(* Consider the discrete setting described in the context, with a fixed constant $\rho_\infty^*>0$. For every initial datum $(f^0_{ij},g^0_{ij})_{i\in\mathcal I,j\in\mathcal J}$, the linearized scheme $$\frac{f^{n+1}_{ij}-f^n_{ij}}{\Delta t}+\frac{1}{\Delta x\,\Delta v}\big(\mathcal F^{n+1}_{i+\frac12,j}-\mathcal F^{n+1}_{i-\frac12,j}\big)=-\rho_\infty^*\chi_{1,j}\rho^{n+1}_{g,i}-(\rho_\infty^* )^{-1}f^{n+1}_{ij},$$ $$\frac{g^{n+1}_{ij}-g^n_{ij}}{\Delta t}+\frac{1}{\Delta x\,\Delta v}\big(\mathcal G^{n+1}_{i+\frac12,j}-\mathcal G^{n+1}_{i-\frac12,j}\big)=-(\rho_\infty^* )^{-1}\chi_{2,j}\rho^{n+1}_{f,i}-\rho_\infty^*\,g^{n+1}_{ij}$$ ($n\ge0$, $i\in\mathcal I$, $j\in\mathcal J$) admits a unique solution $(f^n_{ij},g^n_{ij})_{n\ge0,i\in\mathcal I,j\in\mathcal J}$.
   Context: Space mesh: $N$ uniform cells of length $\Delta x$ of the torus, indexed by $i\in\mathcal I=\mathbb Z/N\mathbb Z$ (periodic). Velocity mesh: $\Delta v=v^*/L$, cells indexed by $j\in\mathcal J=\{-L+1,\dots,L\}$ with midpoints $v_j=(j-\tfrac12)\Delta v$. Time step $\Delta t>0$; $\lambda=\Delta x/(2\Delta t)>0$. For $k=1,2$, $\chi_{k,j}>0$, $\chi_{k,j}=\chi_{k,1-j}$, $\sum_j\Delta v\,\chi_{k,j}=1$. Densities $\rho_{f,i}=\sum_j\Delta v\,f_{ij}$, $\rho_{g,i}=\sum_j\Delta v\,g_{ij}$. Fluxes: $\mathcal F^{n+1}_{i+\frac12,j}=\Delta v\frac{v_j}{2}(f^{n+1}_{i+1,j}+f^{n+1}_{ij})-\Delta v\,\lambda(f^{n+1}_{i+1,j}-f^{n+1}_{ij})$, and $\mathcal G$ the same with $g$ in place of $f$. *)

theory Defs
  imports Complex_Main
begin

(* Space cells: i \<in> {0..<N}, read modulo N (torus Z/NZ).
   Velocity cells: j \<in> {-L+1..L}. *)

definition Icells :: "nat \<Rightarrow> nat set" where
  "Icells N = {0..<N}"

definition Jcells :: "nat \<Rightarrow> int set" where
  "Jcells L = {- int L + 1 .. int L}"

definition dvel :: "real \<Rightarrow> nat \<Rightarrow> real" where
  "dvel vstar L = vstar / real L"

definition vmid :: "real \<Rightarrow> nat \<Rightarrow> int \<Rightarrow> real" where
  "vmid vstar L j = (real_of_int j - 1/2) * dvel vstar L"

definition lam :: "real \<Rightarrow> real \<Rightarrow> real" where
  "lam dx dt = dx / (2 * dt)"

definition dens :: "real \<Rightarrow> nat \<Rightarrow> (nat \<Rightarrow> int \<Rightarrow> real) \<Rightarrow> nat \<Rightarrow> real" where
  "dens vstar L h i = (\<Sum>j\<in>Jcells L. dvel vstar L * h i j)"

(* flux at the interface i+1/2 (periodic) *)
definition flux :: "nat \<Rightarrow> nat \<Rightarrow> real \<Rightarrow> real \<Rightarrow> real \<Rightarrow>
    (nat \<Rightarrow> int \<Rightarrow> real) \<Rightarrow> nat \<Rightarrow> int \<Rightarrow> real" where
  "flux N L vstar dx dt h i j =
     dvel vstar L * (vmid vstar L j / 2) * (h ((i + 1) mod N) j + h i j)
     - dvel vstar L * lam dx dt * (h ((i + 1) mod N) j - h i j)"

definition imin :: "nat \<Rightarrow> nat \<Rightarrow> nat" where
  "imin N i = (i + N - 1) mod N"

definition lin_scheme :: "nat \<Rightarrow> nat \<Rightarrow> real \<Rightarrow> real \<Rightarrow> real \<Rightarrow>
    (int \<Rightarrow> real) \<Rightarrow> (int \<Rightarrow> real) \<Rightarrow> real \<Rightarrow>
    (nat \<Rightarrow> nat \<Rightarrow> int \<Rightarrow> real) \<Rightarrow> (nat \<Rightarrow> nat \<Rightarrow> int \<Rightarrow> real) \<Rightarrow> bool" where
  "lin_scheme N L vstar dx dt chi1 chi2 rs f g \<longleftrightarrow>
    (\<forall>n. \<forall>i\<in>Icells N. \<forall>j\<in>Jcells L.
      (f (Suc n) i j - f n i j) / dt
        + (1 / (dx * dvel vstar L)) *
          (flux N L vstar dx dt (f (Suc n)) i j - flux N L vstar dx dt (f (Suc n)) (imin N i) j)
        = - rs * chi1 j * dens vstar L (g (Suc n)) i - (1 / rs) * f (Suc n) i j
      \<and>
      (g (Suc n) i j - g n i j) / dt
        + (1 / (dx * dvel vstar L)) *
          (flux N L vstar dx dt (g (Suc n)) i j - flux N L vstar dx dt (g (Suc n)) (imin N i) j)
        = - (1 / rs) * chi2 j * dens vstar L (f (Suc n)) i - rs * g (Suc n) i j)"

end

theory Submission
  imports Defs "HOL-Library.Function_Algebras" "HOL-Analysis.Convex"
begin

text \<open>Each time step is a square linear system for the grid values of the new time level,
  so in finite dimensions it is uniquely solvable as soon as the homogeneous system has only the
  trivial solution. To see this, test the \<open>f\<close>-equation with \<open>f / (rs chi1)\<close> and the
  \<open>g\<close>-equation with \<open>rs g / chi2\<close>. The centred flux with upwind viscosity \<open>lam\<close> is
  dissipative on the periodic mesh (summation by parts), and since \<open>chi1, chi2\<close> are
  probability weights, Cauchy-Schwarz gives \<open>rho\<^sub>f\<^sup>2 \<le> dv \<Sum>\<^sub>j f\<^sub>j\<^sup>2 / chi1\<^sub>j\<close>, so the
  relaxation terms absorb the coupling terms: together they form
  \<open>(rho\<^sub>f / rs + rs rho\<^sub>g)\<^sup>2 / dv \<ge> 0\<close> plus nonnegative remainders. What is left is
  \<open>1/dt\<close> times a weighted \<open>L\<^sup>2\<close> energy, which must therefore vanish.\<close>

lemma (in vector_space) linear_inj_on_finite_span_imp_surj:
  assumes fin: "finite E" and lf: "Vector_Spaces.linear scale scale f"
    and into: "f ` span E \<subseteq> span E" and inj: "inj_on f (span E)"
  shows "f ` span E = span E"
proof
  interpret p: vector_space_pair scale scale by unfold_locales
  obtain B where B: "B \<subseteq> span E" "independent B" "span E \<subseteq> span B"
    using maximal_independent_subset[of "span E"] by blast
  have finB: "finite B"
    using independent_span_bound[OF fin B(2) B(1)] by blast
  have spanB: "span B = span E"
    using B span_mono[OF B(1)] span_span by (metis subset_antisym)
  have indep_fB: "independent (f ` B)"
    using p.linear_independent_injective_image[OF lf B(2)] inj spanB by simp
  have card_fB: "card (f ` B) = card B"
    using card_image inj_on_subset[OF inj] B(1) span_superset by blast
  show "span E \<subseteq> f ` span E"
  proof
    fix a assume a: "a \<in> span E"
    have "a \<in> span (f ` B)"
    proof (rule ccontr)
      assume a_notin: "a \<notin> span (f ` B)"
      have "insert a (f ` B) \<subseteq> span B"
        using a into B(1) span_superset spanB by blast
      then have "card (insert a (f ` B)) \<le> card B"
        using independent_span_bound[OF finB independent_insertI[OF a_notin indep_fB]] by blast
      moreover have "a \<notin> f ` B" using a_notin span_superset by blast
      ultimately show False using card_fB finB by simp
    qed
    then show "a \<in> f ` span E"
      using p.linear_span_image[OF lf] spanB by simp
  qed
qed (fact into)

definition supported_on :: "'k set \<Rightarrow> ('k \<Rightarrow> real) set" where
  "supported_on K = {u. \<forall>x. x \<notin> K \<longrightarrow> u x = 0}"

lemma fun_vector_space: "vector_space (\<lambda>c (u :: 'k \<Rightarrow> real) x. c * u x)"
  by unfold_locales (auto simp: fun_eq_iff algebra_simps)

lemma supported_on_eq_span_indicators:
  assumes "finite K"
  shows "supported_on K =
    module.span (\<lambda>c (u :: 'k \<Rightarrow> real) x. c * u x) ((\<lambda>k x. if x = k then 1 else 0) ` K)"
proof -
  let ?\<delta> = "\<lambda>k x. if x = k then 1 else 0 :: real"
  interpret V: vector_space "\<lambda>c (u :: 'k \<Rightarrow> real) x. c * u x" by (rule fun_vector_space)
  have "V.subspace (supported_on K)"
    unfolding V.subspace_def supported_on_def by auto
  moreover have "?\<delta> ` K \<subseteq> supported_on K"
    unfolding supported_on_def by auto
  ultimately have "V.span (?\<delta> ` K) \<subseteq> supported_on K"
    using V.span_minimal by blast
  moreover have "supported_on K \<subseteq> V.span (?\<delta> ` K)"
    using assms
  proof (induction K rule: finite_induct)
    case empty
    then show ?case by (auto simp: supported_on_def fun_eq_iff V.span_zero)
  next
    case (insert k K)
    show ?case
    proof
      fix u assume u: "u \<in> supported_on (insert k K)"
      define v where "v = u - (\<lambda>x. u k * ?\<delta> k x)"
      have "v \<in> supported_on K"
        using u insert.hyps(2) unfolding v_def supported_on_def by auto
      moreover have "V.span (?\<delta> ` K) \<subseteq> V.span (?\<delta> ` insert k K)"
        by (rule V.span_mono) blast
      ultimately have "v \<in> V.span (?\<delta> ` insert k K)"
        using insert.IH by blast
      moreover have "(\<lambda>x. u k * ?\<delta> k x) \<in> V.span (?\<delta> ` insert k K)"
        by (intro V.span_scale V.span_base) simp
      ultimately have "v + (\<lambda>x. u k * ?\<delta> k x) \<in> V.span (?\<delta> ` insert k K)"
        by (rule V.span_add)
      then show "u \<in> V.span (?\<delta> ` insert k K)"
        by (simp add: v_def)
    qed
  qed
  ultimately show ?thesis by blast
qed
(* Let $G$ be a finite non-abelian group such that the non-centralizer graph $\Upsilon_G$ is $n$-regular. Then $n$ is even, $|G|\equiv 0\pmod 8$, and $n+2\leq |G|\leq 4n/3$.
   Context: For a finite group $G$, $C_G(x)$ denotes the centralizer of $x\in G$. The non-centralizer graph $\Upsilon_G$ is the simple graph with vertex set $G$ in which two distinct vertices $x,y$ are adjacent if and only if $C_G(x)\neq C_G(y)$. A graph is $n$-regular if every vertex has degree exactly $n$. *)

theory Defs
  imports "HOL-Algebra.Group"
begin

definition centralizer :: "('a, 'b) monoid_scheme \<Rightarrow> 'a \<Rightarrow> 'a set" where
  "centralizer G x = {y \<in> carrier G. x \<otimes>\<^bsub>G\<^esub> y = y \<otimes>\<^bsub>G\<^esub> x}"

definition noncentralizer_adj :: "('a, 'b) monoid_scheme \<Rightarrow> 'a \<Rightarrow> 'a \<Rightarrow> bool" where
  "noncentralizer_adj G x y \<longleftrightarrow> x \<in> carrier G \<and> y \<in> carrier G \<and> x \<noteq> y \<and> centralizer G x \<noteq> centralizer G y"

definition noncentralizer_degree :: "('a, 'b) monoid_scheme \<Rightarrow> 'a \<Rightarrow> nat" where
  "noncentralizer_degree G x = card {y \<in> carrier G. noncentralizer_adj G x y}"

definition noncentralizer_regular :: "('a, 'b) monoid_scheme \<Rightarrow> nat \<Rightarrow> bool" where
  "noncentralizer_regular G n \<longleftrightarrow> (\<forall>x \<in> carrier G. noncentralizer_degree G x = n)"

end

(*
  Vertex x of the non-centralizer graph is non-adjacent exactly to the elements whose
  centralizer equals C(x); so in an n-regular graph all these classes have |G| - n elements.
  The class of 1 is the centre Z, and the class of x contains the coset Zx, hence equals it.
  As x^-1 has the centralizer of x, x^-1 lies in Zx: every square is central.  Consequently
  every commutator c of a non-commuting pair x, y is central with c^2 = 1, which makes
  |Z| even, and Z u Zx u Zy u Zxy is a subgroup of order 4|Z|.  Hence 8 divides |G|, and
  n = |G| - |Z| with 2 <= |Z| <= |G|/4.
*)
theory Submission
  imports Defs "HOL-Algebra.Coset"
begin

definition center :: "('a, 'b) monoid_scheme \<Rightarrow> 'a set" where
  "center G = {z \<in> carrier G. \<forall>g \<in> carrier G. z \<otimes>\<^bsub>G\<^esub> g = g \<otimes>\<^bsub>G\<^esub> z}"

definition centralizer_class :: "('a, 'b) monoid_scheme \<Rightarrow> 'a \<Rightarrow> 'a set" where
  "centralizer_class G x = {y \<in> carrier G. centralizer G y = centralizer G x}"

lemma noncentralizer_degree_eq:
  assumes "finite (carrier G)" and "x \<in> carrier G"
  shows "noncentralizer_degree G x = card (carrier G) - card (centralizer_class G x)"
proof -
  have "{y \<in> carrier G. noncentralizer_adj G x y} = carrier G - centralizer_class G x"
    using assms(2) by (auto simp: noncentralizer_adj_def centralizer_class_def)
  moreover have "centralizer_class G x \<subseteq> carrier G"
    by (auto simp: centralizer_class_def)
  ultimately show ?thesis
    using assms(1) by (simp add: noncentralizer_degree_def card_Diff_subset finite_subset)
qed

context group
begin

lemma center_subset_carrier: "center G \<subseteq> carrier G"
  by (auto simp: center_def)

lemma centerD: "z \<in> center G \<Longrightarrow> g \<in> carrier G \<Longrightarrow> z \<otimes> g = g \<otimes> z"
  by (auto simp: center_def)

lemma commute_inv:
  assumes x: "x \<in> carrier G" and y: "y \<in> carrier G" and xy: "x \<otimes> y = y \<otimes> x"
  shows "inv x \<otimes> y = y \<otimes> inv x"
proof -
  have "inv x \<otimes> y = inv x \<otimes> (y \<otimes> x) \<otimes> inv x"
    using x y by (simp add: m_assoc)
  also have "\<dots> = inv x \<otimes> (x \<otimes> y) \<otimes> inv x"
    by (simp only: xy)
  also have "\<dots> = y \<otimes> inv x"
    using x y by (simp flip: m_assoc)
  finally show ?thesis .
qed

lemma center_left_commute:
  assumes z: "z \<in> center G" and x: "x \<in> carrier G" and y: "y \<in> carrier G"
  shows "x \<otimes> (z \<otimes> y) = z \<otimes> (x \<otimes> y)"
proof -
  have zG: "z \<in> carrier G" using z center_subset_carrier by blast
  have "x \<otimes> (z \<otimes> y) = x \<otimes> z \<otimes> y" using x y zG by (simp add: m_assoc)
  also have "\<dots> = z \<otimes> x \<otimes> y" by (simp only: centerD[OF z x])
  also have "\<dots> = z \<otimes> (x \<otimes> y)" using x y zG by (simp add: m_assoc)
  finally show ?thesis .
qed

lemma subgroup_center: "subgroup (center G) G"
proof (rule subgroupI)
  show "center G \<subseteq> carrier G" by (rule center_subset_carrier)
  show "center G \<noteq> {}" by (auto simp: center_def)
next
  fix z assume z: "z \<in> center G"
  then have zG: "z \<in> carrier G" by (simp add: center_def)
  have "inv z \<otimes> g = g \<otimes> inv z" if g: "g \<in> carrier G" for g
    using commute_inv[OF zG g centerD[OF z g]] .
  then show "inv z \<in> center G" using zG by (simp add: center_def)
next
  fix z w assume z: "z \<in> center G" and w: "w \<in> center G"
  then have G: "z \<in> carrier G" "w \<in> carrier G" by (simp_all add: center_def)
  have "z \<otimes> w \<otimes> g = g \<otimes> (z \<otimes> w)" if g: "g \<in> carrier G" for g
    using G g centerD[OF z g] centerD[OF w g] by (metis m_assoc)
  then show "z \<otimes> w \<in> center G" using G by (simp add: center_def)
qed

lemma centralizer_eq_carrier_iff:
  "x \<in> carrier G \<Longrightarrow> centralizer G x = carrier G \<longleftrightarrow> x \<in> center G"
  by (auto simp: centralizer_def center_def)

lemma centralizer_class_one: "centralizer_class G \<one> = center G"
proof -
  have one: "centralizer G \<one> = carrier G" by (auto simp: centralizer_def)
  show ?thesis
    unfolding centralizer_class_def one using centralizer_eq_carrier_iff center_subset_carrier by blast
qed

lemma centralizer_mult_center:
  assumes "z \<in> center G" and "x \<in> carrier G"
  shows "centralizer G (z \<otimes> x) = centralizer G x"
proof -
  have zG: "z \<in> carrier G" using assms(1) center_subset_carrier by blast
  have "z \<otimes> x \<otimes> y = y \<otimes> (z \<otimes> x) \<longleftrightarrow> x \<otimes> y = y \<otimes> x" if y: "y \<in> carrier G" for y
    using zG assms(2) y center_left_commute[OF assms(1) y assms(2)] by (simp add: m_assoc)
  then show ?thesis by (auto simp: centralizer_def)
qed

lemma centralizer_inv:
  assumes "x \<in> carrier G"
  shows "centralizer G (inv x) = centralizer G x"
proof -
  have "inv x \<otimes> y = y \<otimes> inv x \<longleftrightarrow> x \<otimes> y = y \<otimes> x" if y: "y \<in> carrier G" for y
    using assms y commute_inv[of x y] commute_inv[of "inv x" y] by auto
  then show ?thesis by (auto simp: centralizer_def)
qed

lemma rcos_center_subset_centralizer_class:
  "x \<in> carrier G \<Longrightarrow> center G #> x \<subseteq> centralizer_class G x"
  using center_subset_carrier
  by (auto simp: r_coset_def centralizer_class_def centralizer_mult_center)

lemma regular_centralizer_class_eq:
  assumes fin: "finite (carrier G)" and reg: "noncentralizer_regular G n"
    and x: "x \<in> carrier G"
  shows "centralizer_class G x = center G #> x"
proof -
  have class_sub: "centralizer_class G u \<subseteq> carrier G" for u
    by (auto simp: centralizer_class_def)
  have "noncentralizer_degree G x = noncentralizer_degree G \<one>"
    using reg x by (simp add: noncentralizer_regular_def)
  then have "card (carrier G) - card (centralizer_class G x) = card (carrier G) - card (center G)"
    using noncentralizer_degree_eq[OF fin x] noncentralizer_degree_eq[OF fin one_closed]
    by (simp add: centralizer_class_one)
  then have "card (centralizer_class G x) = card (center G)"
    using card_mono[OF fin class_sub[of x]] card_mono[OF fin center_subset_carrier] by linarith
  also have "\<dots> = card (center G #> x)"
    by (rule card_rcosets_equal[OF rcosetsI[OF center_subset_carrier x] center_subset_carrier])
  finally have "card (center G #> x) = card (centralizer_class G x)" by (rule sym)
  from card_subset_eq[OF finite_subset[OF class_sub fin] rcos_center_subset_centralizer_class[OF x] this]
  show ?thesis by (rule sym)
qed

lemma regular_square_in_center:
  assumes "finite (carrier G)" and "noncentralizer_regular G n" and x: "x \<in> carrier G"
  shows "x \<otimes> x \<in> center G"
proof -
  have "inv x \<in> centralizer_class G x"
    using x centralizer_inv by (simp add: centralizer_class_def)
  then obtain z where z: "z \<in> center G" and inv_x: "inv x = z \<otimes> x"
    using regular_centralizer_class_eq[OF assms] by (auto simp: r_coset_def)
  have "z = z \<otimes> x \<otimes> inv x"
    using x z center_subset_carrier by (auto simp: m_assoc)
  then have "z = inv x \<otimes> inv x"
    by (simp only: inv_x)
  then have "x \<otimes> x = inv z"
    using x by (simp add: inv_mult_group)
  then show ?thesis
    using z subgroup.m_inv_closed[OF subgroup_center] by simp
qed

lemma inv_eq_inv_square_mult: "u \<in> carrier G \<Longrightarrow> inv u = inv (u \<otimes> u) \<otimes> u"
  by (simp add: inv_mult_group m_assoc)

lemma commutator_in_center:
  assumes sq: "\<And>u. u \<in> carrier G \<Longrightarrow> u \<otimes> u \<in> center G"
    and a: "a \<in> carrier G" and b: "b \<in> carrier G"
  shows "\<exists>c \<in> center G. b \<otimes> a = c \<otimes> (a \<otimes> b)"
proof -
  let ?s = "(a \<otimes> b) \<otimes> (a \<otimes> b)"
  let ?c = "?s \<otimes> inv (a \<otimes> a) \<otimes> inv (b \<otimes> b)"
  have s: "?s \<in> center G" using sq a b by simp
  have zb: "inv (b \<otimes> b) \<in> center G"
    using sq b subgroup.m_inv_closed[OF subgroup_center] by blast
  have c: "?c \<in> center G"
    using sq a b s zb subgroup_center by (simp add: subgroup.m_closed subgroup.m_inv_closed)
  have "b \<otimes> a = ?c \<otimes> (a \<otimes> b)"
  proof -
    have "b \<otimes> a = inv a \<otimes> ?s \<otimes> inv b"
      using a b by (simp add: m_assoc inv_solve_left)
    also have "\<dots> = ?s \<otimes> inv a \<otimes> inv b"
      by (simp only: centerD[OF s inv_closed[OF a]])
    also have "\<dots> = ?s \<otimes> (inv (a \<otimes> a) \<otimes> a) \<otimes> (inv (b \<otimes> b) \<otimes> b)"
      by (simp only: inv_eq_inv_square_mult[OF a, symmetric] inv_eq_inv_square_mult[OF b, symmetric])
    also have "\<dots> = ?s \<otimes> inv (a \<otimes> a) \<otimes> (a \<otimes> (inv (b \<otimes> b) \<otimes> b))"
      using a b by (simp add: m_assoc)
    also have "\<dots> = ?s \<otimes> inv (a \<otimes> a) \<otimes> (inv (b \<otimes> b) \<otimes> (a \<otimes> b))"
      by (simp only: center_left_commute[OF zb a b])
    also have "\<dots> = ?c \<otimes> (a \<otimes> b)"
      using a b by (simp add: m_assoc)
    finally show ?thesis .
  qed
  with c show ?thesis by (rule bexI[rotated])
qed

lemma central_commutator_square_eq_one:
  assumes a: "a \<in> carrier G" and b: "b \<in> carrier G" and aa: "a \<otimes> a \<in> center G"
    and c: "c \<in> center G" and ba: "b \<otimes> a = c \<otimes> (a \<otimes> b)"
  shows "c \<otimes> c = \<one>"
proof -
  have cG: "c \<in> carrier G" using c center_subset_carrier by blast
  have "b \<otimes> (a \<otimes> a) = (c \<otimes> (a \<otimes> b)) \<otimes> a"
    using a b ba by (simp flip: m_assoc)
  also have "\<dots> = c \<otimes> a \<otimes> (b \<otimes> a)"
    using a b cG by (simp add: m_assoc)
  also have "\<dots> = c \<otimes> (a \<otimes> c) \<otimes> (a \<otimes> b)"
    using a b cG ba by (simp add: m_assoc)
  also have "\<dots> = (c \<otimes> c) \<otimes> ((a \<otimes> a) \<otimes> b)"
    using a b cG centerD[OF c a, symmetric] by (simp add: m_assoc)
  also have "\<dots> = (c \<otimes> c) \<otimes> (b \<otimes> (a \<otimes> a))"
    using centerD[OF aa b] by simp
  finally show ?thesis
    using a b cG by simp
qed


lemma normal_if_center_subset:
  assumes comm: "\<And>a b. a \<in> carrier G \<Longrightarrow> b \<in> carrier G \<Longrightarrow> \<exists>c \<in> center G. b \<otimes> a = c \<otimes> (a \<otimes> b)"
    and N: "subgroup N G" and ZN: "center G \<subseteq> N"
  shows "N \<lhd> G"
proof (rule normal_invI[OF N])
  fix g h assume g: "g \<in> carrier G" and h: "h \<in> N"
  have hG: "h \<in> carrier G" using h subgroup.subset[OF N] by blast
  obtain c where c: "c \<in> center G" and hg: "g \<otimes> h = c \<otimes> (h \<otimes> g)"
    using comm[OF hG g] by blast
  have cG: "c \<in> carrier G" using c center_subset_carrier by blast
  have "g \<otimes> h \<otimes> inv g = c \<otimes> (h \<otimes> g) \<otimes> inv g" by (simp only: hg)
  also have "\<dots> = c \<otimes> h" using g hG cG by (simp add: m_assoc)
  finally have "g \<otimes> h \<otimes> inv g = c \<otimes> h" .
  then show "g \<otimes> h \<otimes> inv g \<in> N"
    using c ZN h subgroup.m_closed[OF N] by auto
qed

____________________

» **WORK INSTRUCTIONS**:
Count each line above where the string "Defs" occurs. Give the number only.

» **TASK RESULT**:
4